I've encountered a puzzling issue where one of my NGINX reverse proxy configurations stops working approximately every 24 hours. The setup involves:
- Amazon ELB as the entry point
- NGINX reverse proxy handling requests
- 6 backend instances behind internal ELBs
The configuration looks like this:
server {
listen 3000;
location / {
proxy_pass http://internal-prod732r8-PrivateE-1GJ070M0745TT-348518554.eu-west-1.elb.amazonaws.com:3000;
include /etc/nginx/proxy.conf;
}
}
Surprisingly, there are no error logs, access log anomalies, or system messages indicating what's wrong. The only temporary solution is restarting NGINX, which suggests a possible connection handling issue rather than a configuration error.

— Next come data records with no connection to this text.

(* Let $d\in\mathbb{N}^+$, $a<b$, $p\in[1,\infty)$, and let $N\ge 36d(2d+1)$ and $L\ge 11$ be integers. Then $\mathscr{H}_d(N,L)$ (restricted to $[a,b]^d$) is dense in $L^p([a,b]^d)$; i.e., for every $f\in L^p([a,b]^d)$ and $\varepsilon>0$ there exists $\phi\in\mathscr{H}_d(N,L)$ with $\|\phi-f\|_{L^p([a,b]^d)}<\varepsilon$.
   Context: Let $\sigma_1:\mathbb{R}\to\mathbb{R}$ be the continuous triangular-wave function of period $2$: $\sigma_1(x)=|x|$ for $x\in[-1,1]$ and $\sigma_1(x+2)=\sigma_1(x)$ for all $x$. Let $\sigma_2(x)=x/(|x|+1)$. The activation function is $\sigma(x)=\sigma_1(x)$ for $x\ge 0$ and $\sigma(x)=\sigma_2(x)$ for $x<0$, applied to vectors entrywise. For $N,L\in\mathbb{N}^+$, $\mathscr{H}_d(N,L)$ is the set of all functions $\phi:\mathbb{R}^d\to\mathbb{R}$ of the form $\phi=\mathcal{L}_L\circ\sigma\circ\mathcal{L}_{L-1}\circ\cdots\circ\sigma\circ\mathcal{L}_1\circ\sigma\circ\mathcal{L}_0$, where $\mathcal{L}_0:\mathbb{R}^d\to\mathbb{R}^N$, $\mathcal{L}_i:\mathbb{R}^N\to\mathbb{R}^N$ ($1\le i\le L-1$), $\mathcal{L}_L:\mathbb{R}^N\to\mathbb{R}$ are arbitrary affine maps. *)

theory Defs
  imports "HOL-Analysis.Analysis"
begin

text \<open>Triangular wave of period 2: equals abs x on [-1,1], 2-periodic.\<close>
definition sigma1 :: "real \<Rightarrow> real" where
  "sigma1 x = \<bar>x - 2 * real_of_int \<lfloor>(x + 1) / 2\<rfloor>\<bar>"

definition sigma2 :: "real \<Rightarrow> real" where
  "sigma2 x = x / (\<bar>x\<bar> + 1)"

definition act :: "real \<Rightarrow> real" where
  "act x = (if x \<ge> 0 then sigma1 x else sigma2 x)"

Here are several approaches to address this issue:
1. DNS Resolution Improvement
ELB hostnames can change IP addresses. Add resolver configuration:
server {
listen 3000;
resolver 169.254.169.253 valid=30s;
set $backend "internal-prod732r8-PrivateE-1GJ070M0745TT-348518554.eu-west-1.elb.amazonaws.com";
location / {
proxy_pass http://$backend:3000;
include /etc/nginx/proxy.conf;
}
}
2. Connection Keepalive Settings
Add these directives to your proxy configuration:
proxy_http_version 1.1;
proxy_set_header Connection "";
keepalive_timeout 75s;
keepalive_requests 1000;
3. Monitoring and Automatic Recovery
Implement a simple monitoring script:
#!/bin/bash
status=$(curl -s -o /dev/null -w "%{http_code}" http://localhost:3000/healthcheck)
if [ "$status" != "200" ]; then
systemctl restart nginx
echo "$(date) - NGINX restarted" >> /var/log/nginx/auto_restart.log
fi
When the issue occurs, check these:
# Check current connections
ss -tnp | grep nginx
# Verify DNS resolution
dig internal-prod732r8-PrivateE-1GJ070M0745TT-348518554.eu-west-1.elb.amazonaws.com
# Examine TCP connections
tcpdump -i eth0 port 3000 -nn -v
Consider these architectural improvements:
- Implement service discovery instead of hardcoded ELB endpoints
- Use NGINX Plus for better monitoring and debugging
- Set up proper health checks with failover mechanisms
When your nginx reverse proxy starts dropping connections to AWS ELB backends exactly once per day without any visible errors in logs, you're facing one of those infrastructure gremlins that keeps sysadmins awake. Let's dissect this systematically.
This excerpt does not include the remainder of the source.